One of us (CN) recently co-authored a critique of design errors in three purportedly usual care trials enrolling critically ill subjects that was published in a United States-based ethics journal. 1 These missteps incorrectly represented unusual care as usual, thereby jeopardising subject safety, confounding trial conclusions, and undermining the consent process. This prior examination was focused on ethical issues arising from these errors and was intended for an audience of medical ethicists. Here, our emphasis is on medical risks for patients emanating from these trial design errors. Previously published data are included to demonstrate how those risks may have affected study results and patient outcomes.

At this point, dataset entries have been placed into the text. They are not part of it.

lemma AE_periodic_residual_invariant:
  assumes G: "group G" and cG: "countable (carrier G)" and cA: "countable A"
    and per: "\<nu> \<in> periodic_meas G A"
  shows "AE \<omega> in \<nu>. residual_invariant G \<omega>"
  unfolding residual_invariant_def
proof -
  have s: "sets \<nu> = sets (shift_space G A)" using per by (simp add: periodic_meas_def InvProb_def Prob_meas_def)
  show "AE \<omega> in \<nu>. \<forall>g\<in>carrier G. \<forall>r\<in>residual G. \<omega> (g \<otimes>\<^bsub>G\<^esub> r) = \<omega> g"
  proof (rule AE_mp[OF AE_in_msupport[OF cG cA s] AE_I2])
    fix x assume "x \<in> space \<nu>"
    show "x \<in> msupport G A \<nu> \<longrightarrow> (\<forall>g\<in>carrier G. \<forall>r\<in>residual G. x (g \<otimes>\<^bsub>G\<^esub> r) = x g)"
    proof (intro impI ballI)
      fix g r assume a: "x \<in> msupport G A \<nu>" "g \<in> carrier G" "r \<in> residual G"
      show "x (g \<otimes>\<^bsub>G\<^esub> r) = x g" by (rule msupport_periodic_residual[OF G cG cA per a(1) a(3) a(2)])
    qed
  qed
qed

lemma prod_emb_shift_space:
  assumes "J \<subseteq> carrier G"
  shows "prod_emb (carrier G) (\<lambda>_. count_space A) J (PiE J F) = {\<omega> \<in> PiE (carrier G) (\<lambda>_. A). \<forall>j\<in>J. \<omega> j \<in> F j}"
  using assms by (auto simp: prod_emb_def PiE_iff extensional_def)

lemma determined_by_mono: "determined_by G A J E \<Longrightarrow> J \<subseteq> K \<Longrightarrow> determined_by G A K E"
  unfolding determined_by_def by blast

lemma determined_by_shift_vimage:
  assumes G: "group G" and h: "h \<in> carrier G" and J: "J \<subseteq> carrier G" and E: "determined_by G A J E"
  shows "determined_by G A ((\<lambda>j. j \<otimes>\<^bsub>G\<^esub> h) ` J) (shift G h -` E \<inter> PiE (carrier G) (\<lambda>_. A))"
  unfolding determined_by_def
proof (intro conjI ballI impI)
  fix \<omega> \<omega>' assume w: "\<omega> \<in> shift G h -` E \<inter> PiE (carrier G) (\<lambda>_. A)"
    and w': "\<omega>' \<in> PiE (carrier G) (\<lambda>_. A)" and agree: "\<forall>j\<in>(\<lambda>j. j \<otimes>\<^bsub>G\<^esub> h) ` J. \<omega> j = \<omega>' j"
  have "shift G h \<omega> \<in> E" using w by simp
  moreover have "shift G h \<omega>' \<in> PiE (carrier G) (\<lambda>_. A)" by (rule shift_in_PiE[OF G h w'])
  moreover have "\<forall>j\<in>J. shift G h \<omega> j = shift G h \<omega>' j" using agree J by (simp add: shift_def subset_iff)
  ultimately have "shift G h \<omega>' \<in> E" using E unfolding determined_by_def by blast
  then show "\<omega>' \<in> shift G h -` E \<inter> PiE (carrier G) (\<lambda>_. A)" using w' by simp
qed auto

lemma wstar_closure_InvProb:
  assumes G: "group G" and cG: "countable (carrier G)" and fA: "finite A"
    and cl: "\<mu> \<in> wstar_closure G A S" and SI: "S \<subseteq> InvProb G A"
  shows "\<mu> \<in> InvProb G A"
proof -
  have mP: "\<mu> \<in> Prob_meas G A" using cl by (simp add: wstar_closure_def)
  have ms: "sets \<mu> = sets (shift_space G A)" and mp: "prob_space \<mu>" using mP by (auto simp: Prob_meas_def)
  have cA: "countable A" using fA by (rule countable_finite)
  show ?thesis unfolding InvProb_def
  proof (intro CollectI conjI mP ballI)
    fix h assume h: "h \<in> carrier G"
    have mh: "shift G h \<in> measurable \<mu> (shift_space G A)"
      by (rule measurable_from_sets[OF ms shift_measurable[OF G h]])
    show "distr \<mu> (shift_space G A) (shift G h) = \<mu>"
    proof (rule measure_eqI_PiM_infinite[where I="carrier G" and M="\<lambda>_. count_space A"])
      show "sets (distr \<mu> (shift_space G A) (shift G h)) = sets (PiM (carrier G) (\<lambda>_. count_space A))"
        by (simp add: shift_space_def)
      show "sets \<mu> = sets (PiM (carrier G) (\<lambda>_. count_space A))" using ms by (simp add: shift_space_def)
      show "finite_measure (distr \<mu> (shift_space G A) (shift G h))"
        using prob_space.prob_space_distr[OF mp mh] by (simp add: prob_space_def)
    next
      fix F J assume J: "finite J" "J \<subseteq> carrier G"
      let ?P = "prod_emb (carrier G) (\<lambda>_. count_space A) J (PiE J F)"
      let ?P' = "shift G h -` ?P \<inter> PiE (carrier G) (\<lambda>_. A)"
      let ?K = "J \<union> (\<lambda>j. j \<otimes>\<^bsub>G\<^esub> h) ` J"
      have K: "finite ?K" "?K \<subseteq> carrier G" using J h G by (auto simp: group.is_monoid monoid.m_closed)
      have dP: "determined_by G A J ?P"
        unfolding prod_emb_shift_space[OF J(2)] determined_by_def by auto
      have dP': "determined_by G A ((\<lambda>j. j \<otimes>\<^bsub>G\<^esub> h) ` J) ?P'"
        by (rule determined_by_shift_vimage[OF G h J(2) dP])
      have Ps: "?P \<in> sets (shift_space G A)" by (rule determined_by_sets[OF J dP cG cA])
      have "measure \<mu> ?P = measure \<mu> ?P'"
      proof (rule wstar_closure_measure_eq[OF cl K determined_by_mono[OF dP] determined_by_mono[OF dP']])
        fix \<nu> assume "\<nu> \<in> S" "\<nu> \<in> Prob_meas G A"
        then have "\<nu> \<in> InvProb G A" using SI by blast
        then show "measure \<nu> ?P = measure \<nu> ?P'"
          using InvProb_emeasure_vimage[OF G _ h Ps] by (simp add: measure_def)
      qed auto
      moreover have "emeasure (distr \<mu> (shift_space G A) (shift G h)) ?P = emeasure \<mu> ?P'"
        using emeasure_distr[OF mh Ps] space_eq_shift_space[OF ms] by simp
      ultimately show "emeasure (distr \<mu> (shift_space G A) (shift G h)) ?P = emeasure \<mu> ?P"
        using finite_measure.emeasure_eq_measure[of \<mu>] mp by (simp add: prob_space_def)
    qed
  qed
qed

text \<open>Each condition \<open>\<omega> (g \<otimes> r) = \<omega> g\<close> only involves two coordinates, so its probability is a
  weak* continuous function of the measure and passes from periodic measures to their limits.\<close>

lemma AE_wstar_closure_residual_invariant:
  assumes G: "group G" and cG: "countable (carrier G)" and fA: "finite A"
    and cl: "\<mu> \<in> wstar_closure G A (periodic_meas G A)"
  shows "AE \<omega> in \<mu>. residual_invariant G \<omega>"
proof -
  have mP: "\<mu> \<in> Prob_meas G A" using cl by (simp add: wstar_closure_def)
  have ms: "sets \<mu> = sets (shift_space G A)" and mp: "prob_space \<mu>" using mP by (auto simp: Prob_meas_def)
  have cA: "countable A" using fA by (rule countable_finite)
  have resc: "residual G \<subseteq> carrier G" by (simp add: residual_def)
  have cR: "countable (residual G)" using cG resc by (rule countable_subset[rotated])
  have each: "AE \<omega> in \<mu>. \<omega> (g \<otimes>\<^bsub>G\<^esub> r) = \<omega> g" if g: "g \<in> carrier G" and r: "r \<in> residual G" for g r
  proof -
    define E where "E = {\<omega> \<in> PiE (carrier G) (\<lambda>_. A). \<omega> (g \<otimes>\<^bsub>G\<^esub> r) \<noteq> \<omega> g}"
    have gr: "g \<otimes>\<^bsub>G\<^esub> r \<in> carrier G" using G g r resc by (auto simp: group.is_monoid monoid.m_closed)
    have J: "finite {g, g \<otimes>\<^bsub>G\<^esub> r}" "{g, g \<otimes>\<^bsub>G\<^esub> r} \<subseteq> carrier G" using g gr by auto
    have dE: "determined_by G A {g, g \<otimes>\<^bsub>G\<^esub> r} E" unfolding determined_by_def E_def by auto
    have d0: "determined_by G A {g, g \<otimes>\<^bsub>G\<^esub> r} {}" unfolding determined_by_def by auto
    have Es: "E \<in> sets (shift_space G A)" by (rule determined_by_sets[OF J dE cG cA])
    have "measure \<mu> E = measure \<mu> {}"
    proof (rule wstar_closure_measure_eq[OF cl J dE d0])
      fix \<nu> assume per: "\<nu> \<in> periodic_meas G A"
      have "AE \<omega> in \<nu>. \<not> \<omega> \<in> E"
        by (rule AE_mp[OF AE_periodic_residual_invariant[OF G cG cA per] AE_I2]) (use g r in \<open>auto simp: E_def residual_invariant_def\<close>)
      then have "emeasure \<nu> {\<omega> \<in> space \<nu>. \<omega> \<in> E} = 0" by (rule emeasure_eq_0_AE)
      moreover have "{\<omega> \<in> space \<nu>. \<omega> \<in> E} = E"
        using per space_eq_shift_space[of \<nu> G A] by (auto simp: periodic_meas_def InvProb_def Prob_meas_def E_def)
      ultimately show "measure \<nu> E = measure \<nu> {}" by (simp add: measure_def)
    qed
    then have "measure \<mu> E = 0" by simp
    then have "emeasure \<mu> E = 0"
      using finite_measure.emeasure_eq_measure[of \<mu> E] mp by (simp add: prob_space_def)
    then have "E \<in> null_sets \<mu>" using Es ms by (intro null_setsI) auto
    then show ?thesis
    proof (rule AE_I')
      show "{x \<in> space \<mu>. \<not> x (g \<otimes>\<^bsub>G\<^esub> r) = x g} \<subseteq> E" using space_eq_shift_space[OF ms] by (auto simp: E_def)
    qed
  qed
  have "AE \<omega> in \<mu>. \<forall>g\<in>carrier G. \<forall>r\<in>residual G. \<omega> (g \<otimes>\<^bsub>G\<^esub> r) = \<omega> g"
    using cG cR each by (simp add: AE_ball_countable)
  then show ?thesis by (simp add: residual_invariant_def)
qed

The three case studies presented here challenge the widespread belief that randomised trials of putative usual care, particularly those enrolling critically ill subjects, are invariably safe. Properly designed head-to-head comparisons of contemporary care can improve clinical decision making by better quantifying relative risks and benefits. However, for such research to be informative, at least one arm must be truly representative of current medical practice. Some trials purporting to compare usual care practices may not accurately reflect those practices and instead provide unusual care, either to all enrolled subjects or to important subgroups within a cohort. If subjects are critically ill with a high baseline risk of death, this unusual care may have grave consequences that include but are not limited to the following:
  • Inadequate informed consent: for research to be ethical and consent to be informed, subjects must understand how their care will change and the potential risks of study enrolment.
  • Suboptimal care: unusual therapies that are inferior to usual care can put trial subjects at increased risk, particularly when administered to critically ill subjects.
  • Inability to monitor safety: when a trial compares two unusual therapies, the benchmark for safety monitoring is lost. Without a usual care comparator, harm from either or both unusual care arms may go unrecognised.
  • Inaccurate and harmful conclusions: without a usual care comparator arm, if both therapies studied are inferior to usual care, there is a risk that the least harmful intervention will displace usual care in practice guidelines, putting future patients at risk.
In the three examples described below, unusual care misrepresented as usual care resulted in one or more of these unintended harmful consequences. Not accurately capturing current practice is a design error that has been difficult to recognise; the three protocols presented underwent extensive review processes, conducted by multiple groups at many institutions, before approval and implementation. Failure of the existing system to correct misconceptions of usual care can occur for many reasons (Box 1). However, as we describe at the conclusion of this review, awareness, regulatory guidance, and the development of mitigating procedures can help ensure that future trials intended to study usual care avoid these pitfalls.

Three case studies

Misapplication of a guideline as representative of usual care: the Surfactant, Positive Pressure, and Pulse Oximetry Randomized Trial (SUPPORT)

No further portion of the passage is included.